Aim of the task
Your answer must hold only the lines below from the line containing "using G(1)[of i]" through the line containing "using p(2) that", each reproduced exactly.

Available data
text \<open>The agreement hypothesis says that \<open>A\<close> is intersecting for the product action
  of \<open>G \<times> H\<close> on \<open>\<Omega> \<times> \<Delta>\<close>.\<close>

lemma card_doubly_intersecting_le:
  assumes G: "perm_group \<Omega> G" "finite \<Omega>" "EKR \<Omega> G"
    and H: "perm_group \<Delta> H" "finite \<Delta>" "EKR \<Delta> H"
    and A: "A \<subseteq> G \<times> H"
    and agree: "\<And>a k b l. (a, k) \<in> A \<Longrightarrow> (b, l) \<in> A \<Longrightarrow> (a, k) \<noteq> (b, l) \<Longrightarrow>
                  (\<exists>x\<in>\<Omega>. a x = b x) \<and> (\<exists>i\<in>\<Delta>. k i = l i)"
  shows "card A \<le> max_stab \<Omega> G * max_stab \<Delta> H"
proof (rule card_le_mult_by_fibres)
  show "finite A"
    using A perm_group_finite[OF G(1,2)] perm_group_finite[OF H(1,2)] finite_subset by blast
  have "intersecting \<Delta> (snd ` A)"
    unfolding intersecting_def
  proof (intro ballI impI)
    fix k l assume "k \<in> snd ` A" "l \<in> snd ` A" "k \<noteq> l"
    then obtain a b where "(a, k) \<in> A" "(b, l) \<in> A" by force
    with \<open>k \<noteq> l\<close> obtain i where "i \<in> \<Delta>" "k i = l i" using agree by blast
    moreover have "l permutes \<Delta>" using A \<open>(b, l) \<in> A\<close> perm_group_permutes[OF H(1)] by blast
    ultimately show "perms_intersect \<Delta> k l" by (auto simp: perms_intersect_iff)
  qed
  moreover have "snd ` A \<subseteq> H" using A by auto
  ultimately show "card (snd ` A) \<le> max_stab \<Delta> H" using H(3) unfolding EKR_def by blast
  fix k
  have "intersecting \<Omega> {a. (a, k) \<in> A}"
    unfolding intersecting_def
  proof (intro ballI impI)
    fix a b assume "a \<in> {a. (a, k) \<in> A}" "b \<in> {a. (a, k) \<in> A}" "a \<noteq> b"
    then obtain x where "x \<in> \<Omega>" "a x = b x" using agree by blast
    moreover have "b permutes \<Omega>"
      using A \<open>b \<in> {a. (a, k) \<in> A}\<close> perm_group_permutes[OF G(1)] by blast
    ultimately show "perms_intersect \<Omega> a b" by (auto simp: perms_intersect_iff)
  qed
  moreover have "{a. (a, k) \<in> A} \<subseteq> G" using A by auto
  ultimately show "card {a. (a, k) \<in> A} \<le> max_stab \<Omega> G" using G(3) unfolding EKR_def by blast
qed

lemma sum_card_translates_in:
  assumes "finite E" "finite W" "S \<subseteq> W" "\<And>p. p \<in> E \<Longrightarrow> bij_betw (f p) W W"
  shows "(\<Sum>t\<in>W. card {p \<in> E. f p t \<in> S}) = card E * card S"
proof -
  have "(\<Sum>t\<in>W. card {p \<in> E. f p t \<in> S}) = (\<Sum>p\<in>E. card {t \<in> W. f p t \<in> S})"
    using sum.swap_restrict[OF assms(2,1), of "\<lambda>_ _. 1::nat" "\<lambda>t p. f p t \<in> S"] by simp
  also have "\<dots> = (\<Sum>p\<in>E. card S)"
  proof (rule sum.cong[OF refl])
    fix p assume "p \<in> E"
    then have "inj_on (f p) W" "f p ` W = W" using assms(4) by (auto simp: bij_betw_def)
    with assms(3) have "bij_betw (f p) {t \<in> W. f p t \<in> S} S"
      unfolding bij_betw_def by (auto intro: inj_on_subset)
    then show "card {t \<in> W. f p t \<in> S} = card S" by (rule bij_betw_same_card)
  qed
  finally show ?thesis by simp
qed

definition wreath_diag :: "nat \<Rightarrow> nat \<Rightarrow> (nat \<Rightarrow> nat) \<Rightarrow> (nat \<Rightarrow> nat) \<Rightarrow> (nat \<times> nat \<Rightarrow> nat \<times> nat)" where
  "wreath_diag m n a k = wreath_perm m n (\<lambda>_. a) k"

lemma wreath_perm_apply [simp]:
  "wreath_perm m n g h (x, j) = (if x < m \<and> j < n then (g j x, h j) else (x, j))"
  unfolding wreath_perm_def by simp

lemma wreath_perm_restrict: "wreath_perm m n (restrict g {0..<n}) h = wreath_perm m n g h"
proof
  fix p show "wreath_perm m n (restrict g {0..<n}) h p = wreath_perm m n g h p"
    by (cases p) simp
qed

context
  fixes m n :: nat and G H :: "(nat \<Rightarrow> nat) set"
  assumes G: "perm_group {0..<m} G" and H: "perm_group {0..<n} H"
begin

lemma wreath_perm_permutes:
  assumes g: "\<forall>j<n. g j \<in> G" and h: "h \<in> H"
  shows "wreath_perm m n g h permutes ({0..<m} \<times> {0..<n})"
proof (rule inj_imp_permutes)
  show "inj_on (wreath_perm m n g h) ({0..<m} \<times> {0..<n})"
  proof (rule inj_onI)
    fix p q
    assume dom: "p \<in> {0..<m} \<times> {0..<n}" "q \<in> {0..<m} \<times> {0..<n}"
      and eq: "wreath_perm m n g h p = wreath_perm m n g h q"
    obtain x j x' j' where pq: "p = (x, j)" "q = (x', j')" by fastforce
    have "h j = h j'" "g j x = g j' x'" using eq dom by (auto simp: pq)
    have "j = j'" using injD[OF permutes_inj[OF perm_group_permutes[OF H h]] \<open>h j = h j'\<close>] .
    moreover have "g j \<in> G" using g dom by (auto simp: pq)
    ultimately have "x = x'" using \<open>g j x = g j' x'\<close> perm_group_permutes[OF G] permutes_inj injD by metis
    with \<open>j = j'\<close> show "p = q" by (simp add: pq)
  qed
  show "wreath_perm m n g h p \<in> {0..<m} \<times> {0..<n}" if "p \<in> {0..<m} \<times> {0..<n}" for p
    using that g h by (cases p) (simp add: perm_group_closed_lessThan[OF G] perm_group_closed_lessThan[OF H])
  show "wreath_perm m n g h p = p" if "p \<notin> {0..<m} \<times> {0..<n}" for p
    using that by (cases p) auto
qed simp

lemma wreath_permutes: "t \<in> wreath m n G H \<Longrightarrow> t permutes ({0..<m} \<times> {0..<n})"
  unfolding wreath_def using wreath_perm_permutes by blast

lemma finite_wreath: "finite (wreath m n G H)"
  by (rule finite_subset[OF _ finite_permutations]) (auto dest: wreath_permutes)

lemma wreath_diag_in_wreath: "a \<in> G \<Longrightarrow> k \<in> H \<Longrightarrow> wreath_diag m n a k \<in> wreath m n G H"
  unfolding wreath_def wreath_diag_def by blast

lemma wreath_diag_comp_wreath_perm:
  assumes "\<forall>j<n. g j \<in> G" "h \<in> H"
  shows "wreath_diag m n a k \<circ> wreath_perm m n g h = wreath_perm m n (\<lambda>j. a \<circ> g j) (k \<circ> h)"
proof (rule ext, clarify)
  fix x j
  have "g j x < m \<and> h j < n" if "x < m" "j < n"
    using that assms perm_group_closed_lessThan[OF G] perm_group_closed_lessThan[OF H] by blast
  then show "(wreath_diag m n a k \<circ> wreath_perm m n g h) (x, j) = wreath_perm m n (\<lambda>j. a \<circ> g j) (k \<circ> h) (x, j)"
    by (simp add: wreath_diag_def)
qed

==

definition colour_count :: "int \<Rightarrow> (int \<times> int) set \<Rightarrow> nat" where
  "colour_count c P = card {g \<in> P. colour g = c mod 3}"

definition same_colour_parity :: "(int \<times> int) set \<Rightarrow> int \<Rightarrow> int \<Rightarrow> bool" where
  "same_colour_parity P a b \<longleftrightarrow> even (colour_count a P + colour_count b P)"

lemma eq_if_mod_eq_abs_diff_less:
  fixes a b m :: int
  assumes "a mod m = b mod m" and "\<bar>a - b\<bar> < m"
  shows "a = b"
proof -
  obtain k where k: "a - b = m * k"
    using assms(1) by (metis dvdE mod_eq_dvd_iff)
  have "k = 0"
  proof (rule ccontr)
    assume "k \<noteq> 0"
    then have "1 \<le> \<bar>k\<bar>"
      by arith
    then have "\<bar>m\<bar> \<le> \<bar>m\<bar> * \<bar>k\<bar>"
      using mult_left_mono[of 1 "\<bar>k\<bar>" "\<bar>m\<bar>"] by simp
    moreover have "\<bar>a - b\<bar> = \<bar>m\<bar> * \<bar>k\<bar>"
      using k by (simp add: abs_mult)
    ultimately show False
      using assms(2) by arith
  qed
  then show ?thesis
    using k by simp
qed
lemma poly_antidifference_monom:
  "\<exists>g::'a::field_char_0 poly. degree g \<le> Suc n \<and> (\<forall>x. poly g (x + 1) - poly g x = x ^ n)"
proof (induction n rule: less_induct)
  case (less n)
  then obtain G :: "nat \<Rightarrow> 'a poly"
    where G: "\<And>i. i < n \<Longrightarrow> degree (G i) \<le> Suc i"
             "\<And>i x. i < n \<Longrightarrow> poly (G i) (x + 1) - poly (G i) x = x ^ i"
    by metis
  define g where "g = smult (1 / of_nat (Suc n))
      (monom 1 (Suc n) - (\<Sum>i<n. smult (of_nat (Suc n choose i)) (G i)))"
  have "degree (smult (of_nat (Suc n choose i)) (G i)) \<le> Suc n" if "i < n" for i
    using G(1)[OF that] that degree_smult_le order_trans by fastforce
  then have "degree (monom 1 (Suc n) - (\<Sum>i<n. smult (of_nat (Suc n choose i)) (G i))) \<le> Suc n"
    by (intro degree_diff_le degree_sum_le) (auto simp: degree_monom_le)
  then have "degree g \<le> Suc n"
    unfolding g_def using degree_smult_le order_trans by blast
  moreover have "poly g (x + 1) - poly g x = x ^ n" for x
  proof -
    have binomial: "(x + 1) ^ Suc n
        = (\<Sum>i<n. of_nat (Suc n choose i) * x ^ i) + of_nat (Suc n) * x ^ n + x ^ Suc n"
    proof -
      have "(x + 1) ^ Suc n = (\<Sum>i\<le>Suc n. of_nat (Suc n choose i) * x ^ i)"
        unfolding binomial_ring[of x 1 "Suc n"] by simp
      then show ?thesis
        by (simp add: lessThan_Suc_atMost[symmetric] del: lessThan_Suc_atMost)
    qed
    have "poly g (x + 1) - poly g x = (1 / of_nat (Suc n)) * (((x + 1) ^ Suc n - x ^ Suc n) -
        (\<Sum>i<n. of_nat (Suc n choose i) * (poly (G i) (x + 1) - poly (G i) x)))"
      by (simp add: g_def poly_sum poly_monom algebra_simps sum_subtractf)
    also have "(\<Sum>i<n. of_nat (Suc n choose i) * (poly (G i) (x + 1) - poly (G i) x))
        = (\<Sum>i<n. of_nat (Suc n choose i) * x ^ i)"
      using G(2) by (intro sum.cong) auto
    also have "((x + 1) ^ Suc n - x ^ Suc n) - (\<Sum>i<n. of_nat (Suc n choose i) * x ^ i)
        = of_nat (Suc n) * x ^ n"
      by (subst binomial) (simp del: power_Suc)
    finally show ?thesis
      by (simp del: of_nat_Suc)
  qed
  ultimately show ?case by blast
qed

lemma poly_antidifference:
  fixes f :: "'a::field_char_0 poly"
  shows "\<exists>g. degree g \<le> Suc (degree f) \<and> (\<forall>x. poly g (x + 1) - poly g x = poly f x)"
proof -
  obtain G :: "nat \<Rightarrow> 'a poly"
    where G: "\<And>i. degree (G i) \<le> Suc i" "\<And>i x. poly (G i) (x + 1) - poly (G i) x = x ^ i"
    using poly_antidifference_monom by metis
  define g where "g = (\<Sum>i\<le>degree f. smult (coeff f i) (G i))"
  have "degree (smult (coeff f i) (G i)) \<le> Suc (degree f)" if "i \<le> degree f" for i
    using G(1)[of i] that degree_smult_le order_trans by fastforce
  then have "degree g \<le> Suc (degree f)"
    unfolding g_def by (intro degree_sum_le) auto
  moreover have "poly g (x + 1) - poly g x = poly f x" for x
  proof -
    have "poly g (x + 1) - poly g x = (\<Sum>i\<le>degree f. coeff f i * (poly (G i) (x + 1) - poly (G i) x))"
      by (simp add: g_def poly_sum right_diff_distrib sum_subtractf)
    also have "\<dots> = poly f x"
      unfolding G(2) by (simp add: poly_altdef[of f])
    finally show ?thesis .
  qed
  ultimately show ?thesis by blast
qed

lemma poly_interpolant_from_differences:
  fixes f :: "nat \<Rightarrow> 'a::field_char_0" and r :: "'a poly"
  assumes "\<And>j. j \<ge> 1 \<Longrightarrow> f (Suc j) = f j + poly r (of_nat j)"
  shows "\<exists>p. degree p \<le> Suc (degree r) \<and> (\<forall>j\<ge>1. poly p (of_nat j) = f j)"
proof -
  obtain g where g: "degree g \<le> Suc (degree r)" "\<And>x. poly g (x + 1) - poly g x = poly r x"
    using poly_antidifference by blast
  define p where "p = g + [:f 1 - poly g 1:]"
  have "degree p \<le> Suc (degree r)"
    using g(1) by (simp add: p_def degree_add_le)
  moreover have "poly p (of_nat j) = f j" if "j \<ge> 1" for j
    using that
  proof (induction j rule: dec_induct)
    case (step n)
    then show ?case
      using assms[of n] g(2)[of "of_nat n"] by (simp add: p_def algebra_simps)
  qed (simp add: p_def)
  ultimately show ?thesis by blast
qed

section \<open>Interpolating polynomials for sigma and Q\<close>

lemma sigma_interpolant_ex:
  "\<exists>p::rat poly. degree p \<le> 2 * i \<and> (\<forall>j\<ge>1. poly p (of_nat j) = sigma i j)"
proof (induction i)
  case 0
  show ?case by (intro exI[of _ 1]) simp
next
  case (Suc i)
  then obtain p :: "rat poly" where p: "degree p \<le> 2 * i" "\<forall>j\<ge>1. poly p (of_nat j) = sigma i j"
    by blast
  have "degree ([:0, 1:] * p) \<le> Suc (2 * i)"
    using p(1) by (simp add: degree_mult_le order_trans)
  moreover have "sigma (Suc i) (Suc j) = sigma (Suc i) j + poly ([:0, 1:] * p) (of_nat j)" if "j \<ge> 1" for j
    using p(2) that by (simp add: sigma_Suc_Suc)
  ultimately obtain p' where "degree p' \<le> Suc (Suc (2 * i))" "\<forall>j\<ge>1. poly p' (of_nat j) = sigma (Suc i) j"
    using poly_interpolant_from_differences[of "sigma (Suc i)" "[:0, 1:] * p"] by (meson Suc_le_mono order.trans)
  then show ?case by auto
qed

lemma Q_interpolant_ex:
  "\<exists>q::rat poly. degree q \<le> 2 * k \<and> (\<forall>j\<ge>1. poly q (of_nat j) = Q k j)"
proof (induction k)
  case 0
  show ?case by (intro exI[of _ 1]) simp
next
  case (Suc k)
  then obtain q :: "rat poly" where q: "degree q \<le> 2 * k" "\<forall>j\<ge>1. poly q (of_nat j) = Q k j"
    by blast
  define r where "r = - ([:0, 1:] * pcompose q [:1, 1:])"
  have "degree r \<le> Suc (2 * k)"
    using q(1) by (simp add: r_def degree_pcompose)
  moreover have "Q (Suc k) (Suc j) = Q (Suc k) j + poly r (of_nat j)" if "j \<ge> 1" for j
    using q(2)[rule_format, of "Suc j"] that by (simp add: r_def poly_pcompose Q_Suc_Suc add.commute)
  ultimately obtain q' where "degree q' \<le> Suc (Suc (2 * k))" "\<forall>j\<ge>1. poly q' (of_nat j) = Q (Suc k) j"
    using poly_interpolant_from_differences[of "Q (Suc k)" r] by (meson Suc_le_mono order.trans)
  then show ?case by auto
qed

Answer space
    using G(1)[of i] that degree_smult_le order_trans by fastforce
  then have "degree g \<le> Suc (degree f)"
    unfolding g_def by (intro degree_sum_le) auto
  moreover have "poly g (x + 1) - poly g x = poly f x" for x
  proof -
    have "poly g (x + 1) - poly g x = (\<Sum>i\<le>degree f. coeff f i * (poly (G i) (x + 1) - poly (G i) x))"
      by (simp add: g_def poly_sum right_diff_distrib sum_subtractf)
    also have "\<dots> = poly f x"
      unfolding G(2) by (simp add: poly_altdef[of f])
    finally show ?thesis .
  qed
  ultimately show ?thesis by blast
qed

lemma poly_interpolant_from_differences:
  fixes f :: "nat \<Rightarrow> 'a::field_char_0" and r :: "'a poly"
  assumes "\<And>j. j \<ge> 1 \<Longrightarrow> f (Suc j) = f j + poly r (of_nat j)"
  shows "\<exists>p. degree p \<le> Suc (degree r) \<and> (\<forall>j\<ge>1. poly p (of_nat j) = f j)"
proof -
  obtain g where g: "degree g \<le> Suc (degree r)" "\<And>x. poly g (x + 1) - poly g x = poly r x"
    using poly_antidifference by blast
  define p where "p = g + [:f 1 - poly g 1:]"
  have "degree p \<le> Suc (degree r)"
    using g(1) by (simp add: p_def degree_add_le)
  moreover have "poly p (of_nat j) = f j" if "j \<ge> 1" for j
    using that
  proof (induction j rule: dec_induct)
    case (step n)
    then show ?case
      using assms[of n] g(2)[of "of_nat n"] by (simp add: p_def algebra_simps)
  qed (simp add: p_def)
  ultimately show ?thesis by blast
qed

section \<open>Interpolating polynomials for sigma and Q\<close>

lemma sigma_interpolant_ex:
  "\<exists>p::rat poly. degree p \<le> 2 * i \<and> (\<forall>j\<ge>1. poly p (of_nat j) = sigma i j)"
proof (induction i)
  case 0
  show ?case by (intro exI[of _ 1]) simp
next
  case (Suc i)
  then obtain p :: "rat poly" where p: "degree p \<le> 2 * i" "\<forall>j\<ge>1. poly p (of_nat j) = sigma i j"
    by blast
  have "degree ([:0, 1:] * p) \<le> Suc (2 * i)"
    using p(1) by (simp add: degree_mult_le order_trans)
  moreover have "sigma (Suc i) (Suc j) = sigma (Suc i) j + poly ([:0, 1:] * p) (of_nat j)" if "j \<ge> 1" for j
    using p(2) that by (simp add: sigma_Suc_Suc)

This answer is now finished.